Pokhara, Nepal, February 2017: Dushanbe is a village high in the Himalayas. Situated on the edge of the Annapurna region, its about as far as one can get without having to pay the trekking fees and Annapurna conservation fee. I’m told its not far from Pokhara and a day trip there is quite feasible. Even better, there’s a bus and with a couple of changes one can get all the way to Dhanpush, quite an appealing thought since I’m not one for these very long treks that Nepal is famous for! So, with the promise of great mountain views and a quaint village scene and armed with what I hope is reliable information, I’m game if you are!
First, a bus from Lakeside Hallan Chowk to Zero KM (15 rupees) at 7 AM. Zero KM is where the Baglung Highway starts (or ends) and where one can get further transport to the Baglung bus park (15 Rupees), about 2 miles away. Once at the Baglung, just about any bus will stop at Phedi (50 rupees), the jumping off point for Dhanpush, a bumpy 20 minute journey on a packed local rice bus!

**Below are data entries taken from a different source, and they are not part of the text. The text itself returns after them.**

lemma Some_in_set_take_label_word_iff:
  assumes "p < n" "s ! p = Some i"
  shows "Some i \<in> set (take q s) \<longleftrightarrow> p < q"
proof
  assume "Some i \<in> set (take q s)"
  then obtain k where "k < q" "k < n" "s ! k = Some i"
    using length_label_word by (auto simp: in_set_conv_nth)
  then show "p < q" using label_word_nth_Some_inj[of k p i] assms by auto
next
  assume "p < q"
  then have "take q s ! p = Some i" "p < length (take q s)" using assms length_label_word by auto
  then show "Some i \<in> set (take q s)" by (metis nth_mem)
qed

lemma visited_iff_visit_pos_le:
  assumes v: "v \<in> forest_vertices m n"
  shows "v \<in> visited s q \<longleftrightarrow> visit_pos s v \<le> q"
proof (cases v)
  case (Lb i)
  then have "i \<in> {1..m}" using v unfolding forest_vertices_def by auto
  then obtain p where p: "p < n" "s ! p = Some i" using label_word_exists_nth by blast
  then show ?thesis
    using Lb p visit_pos_Lb Some_in_set_take_label_word_iff unfolding visited_def by auto
next
  case (Rt j)
  show ?thesis
  proof (cases "j = 0")
    case True
    then show ?thesis using Rt unfolding visited_def visit_pos_def by auto
  next
    case False
    moreover have "j \<le> n - m" using v Rt unfolding forest_vertices_def by auto
    ultimately obtain p where p: "p < n" "s ! p = None" "count_None (take (Suc p) s) = j"
      "visit_pos s (Rt j) = Suc p"
      by (metis exists_visit_pos_Rt less_one not_less)
    then show ?thesis
      using Rt count_None_take_le_iff[of p s q] length_label_word unfolding visited_def by auto
  qed
qed
(* Let $A_1,\dots,A_k,A$ be formulas of $\mathcal{L}_\infty$ and $m_1,\dots,m_k,n$ natural numbers such that $\Box_{m_i}A_i$ ($1\le i\le k$) and $\Box_nA$ are formulas of $\mathcal{L}_\infty$. (i) If $\bigwedge_{i=1}^k\Box_{m_i}A_i\vdash_{\mathbf{K4}_h}A$ and $m_i\le n$ for all $i$, then $\bigwedge_{i=1}^k\Box_{m_i}A_i\vdash_{\mathbf{K4}_h}\Box_nA$. (ii) If $\bigwedge_{i=1}^k\Box_{m_i}A_i\vdash_{\mathbf{S4}_h}A$ and $m_i\le n$ for all $i$, then $\bigwedge_{i=1}^k\Box_{m_i}A_i\vdash_{\mathbf{S4}_h}\Box_nA$.
   Context: The language $\mathcal{L}_\infty$ consists of modal formulas built from propositional atoms, $\bot,\top$, the connectives $\neg,\wedge,\vee,\rightarrow$ and unary modalities $\Box_n$ ($n\in\mathbb{N}$), with the restriction that $\Box_n A$ is a formula only if $n$ is strictly greater than the index of every box occurring in $A$. All formulas are in $\mathcal{L}_\infty$; axiom instances are only those that are $\mathcal{L}_\infty$-formulas. Axiom schemes (for all $n\ge0$): $\mathbf{H}$: $\Box_n A\rightarrow\Box_{n+1}A$; $\mathbf{K}_h$: $\Box_n(A\rightarrow B)\rightarrow(\Box_nA\rightarrow\Box_nB)$; $\mathbf{4}_h$: $\Box_nA\rightarrow\Box_{n+1}\Box_nA$; $\mathbf{T}_h$: $\Box_nA\rightarrow A$. For a set $X$ of schemes, $L(X)$ is the least set of $\mathcal{L}_\infty$-formulas containing all classical propositional tautologies and all instances of the schemes in $X$, closed under modus ponens and the rule: from $A$ infer $\Box_nA$ for any $n$ greater than all box indices in $A$. $\mathbf{K4}_h=L(\mathbf{H},\mathbf{K}_h,\mathbf{4}_h)$, $\mathbf{S4}_h=L(\mathbf{H},\mathbf{K}_h,\mathbf{4}_h,\mathbf{T}_h)$. For a set $\Gamma$ of formulas, $\Gamma\vdash_{L}A$ means there is a finite $\Delta\subseteq\Gamma$ with $\bigwedge\Delta\rightarrow A\in L$. *)

theory Defs
  imports Main
begin

datatype fm = Atom nat | Bot | Top | Neg fm | And fm fm | Or fm fm | Imp fm fm | Box nat fm

fun boxidx :: "fm \<Rightarrow> nat set" where
  "boxidx (Atom p) = {}"
| "boxidx Bot = {}"
| "boxidx Top = {}"
| "boxidx (Neg A) = boxidx A"
| "boxidx (And A B) = boxidx A \<union> boxidx B"
| "boxidx (Or A B) = boxidx A \<union> boxidx B"
| "boxidx (Imp A B) = boxidx A \<union> boxidx B"
| "boxidx (Box n A) = insert n (boxidx A)"

text \<open>Membership in the language L_infinity.\<close>
fun wf :: "fm \<Rightarrow> bool" where
  "wf (Atom p) = True"
| "wf Bot = True"
| "wf Top = True"
| "wf (Neg A) = wf A"
| "wf (And A B) = (wf A \<and> wf B)"
| "wf (Or A B) = (wf A \<and> wf B)"
| "wf (Imp A B) = (wf A \<and> wf B)"
| "wf (Box n A) = (wf A \<and> (\<forall>m\<in>boxidx A. m < n))"

fun peval :: "(fm \<Rightarrow> bool) \<Rightarrow> fm \<Rightarrow> bool" where
  "peval v (Atom p) = v (Atom p)"
| "peval v Bot = False"
| "peval v Top = True"
| "peval v (Neg A) = (\<not> peval v A)"
| "peval v (And A B) = (peval v A \<and> peval v B)"
| "peval v (Or A B) = (peval v A \<or> peval v B)"
| "peval v (Imp A B) = (peval v A \<longrightarrow> peval v B)"
| "peval v (Box n A) = v (Box n A)"

definition taut :: "fm \<Rightarrow> bool" where
  "taut A \<longleftrightarrow> (\<forall>v. peval v A)"

inductive hlog :: "bool \<Rightarrow> fm \<Rightarrow> bool" for t :: bool where
  tautI: "wf A \<Longrightarrow> taut A \<Longrightarrow> hlog t A"
| axH: "wf (Box (Suc n) A) \<Longrightarrow> hlog t (Imp (Box n A) (Box (Suc n) A))"
| axK: "wf (Imp (Box n (Imp A B)) (Imp (Box n A) (Box n B))) \<Longrightarrow>
        hlog t (Imp (Box n (Imp A B)) (Imp (Box n A) (Box n B)))"
| ax4: "wf (Box (Suc n) (Box n A)) \<Longrightarrow> hlog t (Imp (Box n A) (Box (Suc n) (Box n A)))"
| axT: "t \<Longrightarrow> wf (Box n A) \<Longrightarrow> hlog t (Imp (Box n A) A)"
| mp: "hlog t (Imp A B) \<Longrightarrow> hlog t A \<Longrightarrow> hlog t B"
| nec: "hlog t A \<Longrightarrow> (\<forall>m\<in>boxidx A. m < n) \<Longrightarrow> hlog t (Box n A)"

abbreviation K4h :: "fm \<Rightarrow> bool" where "K4h \<equiv> hlog False"
abbreviation S4h :: "fm \<Rightarrow> bool" where "S4h \<equiv> hlog True"

definition conj :: "fm list \<Rightarrow> fm" where
  "conj ds = foldr And ds Top"

definition derives :: "(fm \<Rightarrow> bool) \<Rightarrow> fm set \<Rightarrow> fm \<Rightarrow> bool" where
  "derives L \<Gamma> A \<longleftrightarrow> (\<exists>ds. set ds \<subseteq> \<Gamma> \<and> L (Imp (conj ds) A))"

end

theory Submission
  imports Defs
begin

text \<open>
  Collapse every modality of level at least n: in S4_h erase it (reading it by T), in
  K4_h replace the boxed formula by the constant true. Each axiom instance goes to an
  axiom instance or a tautology, so the collapse maps theorems to theorems, and it fixes
  formulas whose boxes all lie below n. Applied to a derivation of C \<longrightarrow> A, with
  C = \<And>i Box m_i A_i, it yields a derivation of \<And>i q_i \<longrightarrow> A in which all q_i have
  boxes below n, so necessitation at level n and K give \<And>i Box n q_i \<longrightarrow> Box n A.
  Finally C proves each Box n q_i: by 4 and H when m_i < n, and trivially when m_i = n,
  since then q_i is A_i (S4_h) or true (K4_h).
\<close>

(* Ill-formed boxes below n, which axiom H can produce since it only asks Box (Suc n) A to be
   well formed, are sent to Bot so that the collapse of every formula is well formed. *)
fun collapse :: "bool \<Rightarrow> nat \<Rightarrow> fm \<Rightarrow> fm" where
  "collapse t n (Atom p) = Atom p"
| "collapse t n Bot = Bot"
| "collapse t n Top = Top"
| "collapse t n (Neg A) = Neg (collapse t n A)"
| "collapse t n (And A B) = And (collapse t n A) (collapse t n B)"
| "collapse t n (Or A B) = Or (collapse t n A) (collapse t n B)"
| "collapse t n (Imp A B) = Imp (collapse t n A) (collapse t n B)"
| "collapse t n (Box k A) =
     (if n \<le> k then (if t then collapse t n A else Top)
      else if boxidx A \<subseteq> {..<k} then Box k (collapse t n A) else Bot)"

lemma boxidx_collapse: "boxidx (collapse t n X) \<subseteq> boxidx X \<inter> {..<n}"
  by (induction X) auto

lemma wf_collapse: "wf (collapse t n X)"
proof (induction X)
  case (Box k A)
  then show ?case using boxidx_collapse[of t n A] by auto
qed auto

lemma collapse_eq_self: "wf X \<Longrightarrow> \<forall>k\<in>boxidx X. k < n \<Longrightarrow> collapse t n X = X"
  by (induction X) auto

lemma peval_collapse:
  "peval v (collapse t n X) = peval (\<lambda>Y. peval v (collapse t n Y)) X"
  by (induction X) (simp_all del: collapse.simps(8))

lemma taut_collapse: "taut X \<Longrightarrow> taut (collapse t n X)"
  unfolding taut_def by (metis peval_collapse)

lemma wf_Box_collapse: "boxidx A \<subseteq> {..<k} \<Longrightarrow> wf (Box k (collapse t n A))"
  using wf_collapse boxidx_collapse by fastforce

lemma hlog_collapse: "hlog t X \<Longrightarrow> hlog t (collapse t n X)"
proof (induction rule: hlog.induct)
  case (tautI A)
  then show ?case by (intro hlog.tautI wf_collapse taut_collapse)
next
  case (axH k A)
  then have wf: "wf (Box (Suc k) (collapse t n A))"
    by (intro wf_Box_collapse) auto
  consider "Suc k < n" | "Suc k = n" | "n \<le> k" by linarith
  then show ?case
  proof cases
    case 1
    then show ?thesis
      using wf axH by (auto intro!: hlog.axH hlog.tautI simp: taut_def)
  next
    case 2
    show ?thesis
    proof (cases "boxidx A \<subseteq> {..<k}")
      case True
      then have "wf (Box k (collapse t n A))" by (rule wf_Box_collapse)
      then show ?thesis
        using True 2 by (cases t) (auto intro: hlog.axT hlog.tautI simp: taut_def)
    qed (use 2 wf in \<open>auto intro!: hlog.tautI simp: taut_def\<close>)
  qed (use wf in \<open>auto intro!: hlog.tautI simp: taut_def\<close>)
next
  case (axK k A B)
  then have "boxidx A \<subseteq> {..<k}" "boxidx B \<subseteq> {..<k}" by auto
  moreover note wf_Box_collapse[OF this(1), of t n] wf_Box_collapse[OF this(2), of t n]
  ultimately show ?case
    by (cases "k < n") (auto intro!: hlog.axK hlog.tautI simp: taut_def)
next
  case (ax4 k A)
  then have "boxidx A \<subseteq> {..<k}" by auto
  moreover note wf_Box_collapse[OF this, of t n]
  ultimately show ?case
    by (cases "Suc k < n") (auto intro!: hlog.ax4 hlog.tautI simp: taut_def less_SucI)
next
  case (axT k A)
  then have "boxidx A \<subseteq> {..<k}" by auto
  show ?case
  proof (cases "k < n")
    case True
    then show ?thesis
      using axT \<open>boxidx A \<subseteq> {..<k}\<close> wf_Box_collapse by (simp add: hlog.axT)
  qed (use axT wf_collapse in \<open>auto intro!: hlog.tautI simp: taut_def\<close>)
next
  case (mp A B)
  then show ?case by (auto intro: hlog.mp)
next
  case (nec A k)
  show ?case
  proof (cases "k < n")
    case True
    then show ?thesis
      using nec boxidx_collapse[of t n A] by (auto intro: hlog.nec)
  qed (use nec in \<open>auto intro: hlog.tautI simp: taut_def\<close>)
qed

fun imps :: "fm list \<Rightarrow> fm \<Rightarrow> fm" where
  "imps [] A = A"
| "imps (X # Xs) A = Imp X (imps Xs A)"

lemma imps_append: "imps (Xs @ Ys) A = imps Xs (imps Ys A)"
  by (induction Xs) auto

lemma peval_imps: "peval v (imps Xs A) \<longleftrightarrow> ((\<forall>X\<in>set Xs. peval v X) \<longrightarrow> peval v A)"
  by (induction Xs) auto

lemma wf_imps: "wf (imps Xs A) \<longleftrightarrow> (\<forall>X\<in>set Xs. wf X) \<and> wf A"
  by (induction Xs) auto

lemma boxidx_imps: "boxidx (imps Xs A) = (\<Union>X\<in>set Xs. boxidx X) \<union> boxidx A"
  by (induction Xs) auto

lemma peval_conj: "peval v (conj Xs) \<longleftrightarrow> (\<forall>X\<in>set Xs. peval v X)"
  by (induction Xs) (auto simp: conj_def)

lemma wf_conj: "wf (conj Xs) \<longleftrightarrow> (\<forall>X\<in>set Xs. wf X)"
  by (induction Xs) (auto simp: conj_def)

lemma collapse_conj: "collapse t n (conj Xs) = conj (map (collapse t n) Xs)"
  by (induction Xs) (auto simp: conj_def)

lemma hlog_imps_mp: "hlog t (imps Xs Y) \<Longrightarrow> \<forall>X\<in>set Xs. hlog t X \<Longrightarrow> hlog t Y"
proof (induction Xs)
  case (Cons X Xs)
  then show ?case using hlog.mp[of t X "imps Xs Y"] by simp
qed simp

lemma hlog_taut_rule:
  "\<forall>X\<in>set Xs. hlog t X \<Longrightarrow> wf (imps Xs Y) \<Longrightarrow> taut (imps Xs Y) \<Longrightarrow> hlog t Y"
  using hlog_imps_mp hlog.tautI by blast

lemma hlog_taut_mp:
  "hlog t X \<Longrightarrow> wf (Imp X Y) \<Longrightarrow> taut (Imp X Y) \<Longrightarrow> hlog t Y"
  by (rule hlog_taut_rule[where Xs = "[X]"]) simp_all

Phedi is little more than a collection of about 6 ramshackle structures on one side of the road and a hotel on the other. Suddenly a realisation that the plan might start to fall apart from now on sets in – little sign of life let alone a road up to Dhanpush! There is however a stone trail, even signed to Dhanpush but I’d hoped to get that bus. The man at this tea shack here hasn’t a clue about buses and the best I could get was a maybe at 10 am, time now 08.30. After much deliberation over a cup of tea, the only thing for it was to take the trail up and hope for the best. I know that these climbs can be tough especially as the air thins out, so lets see how far I can get!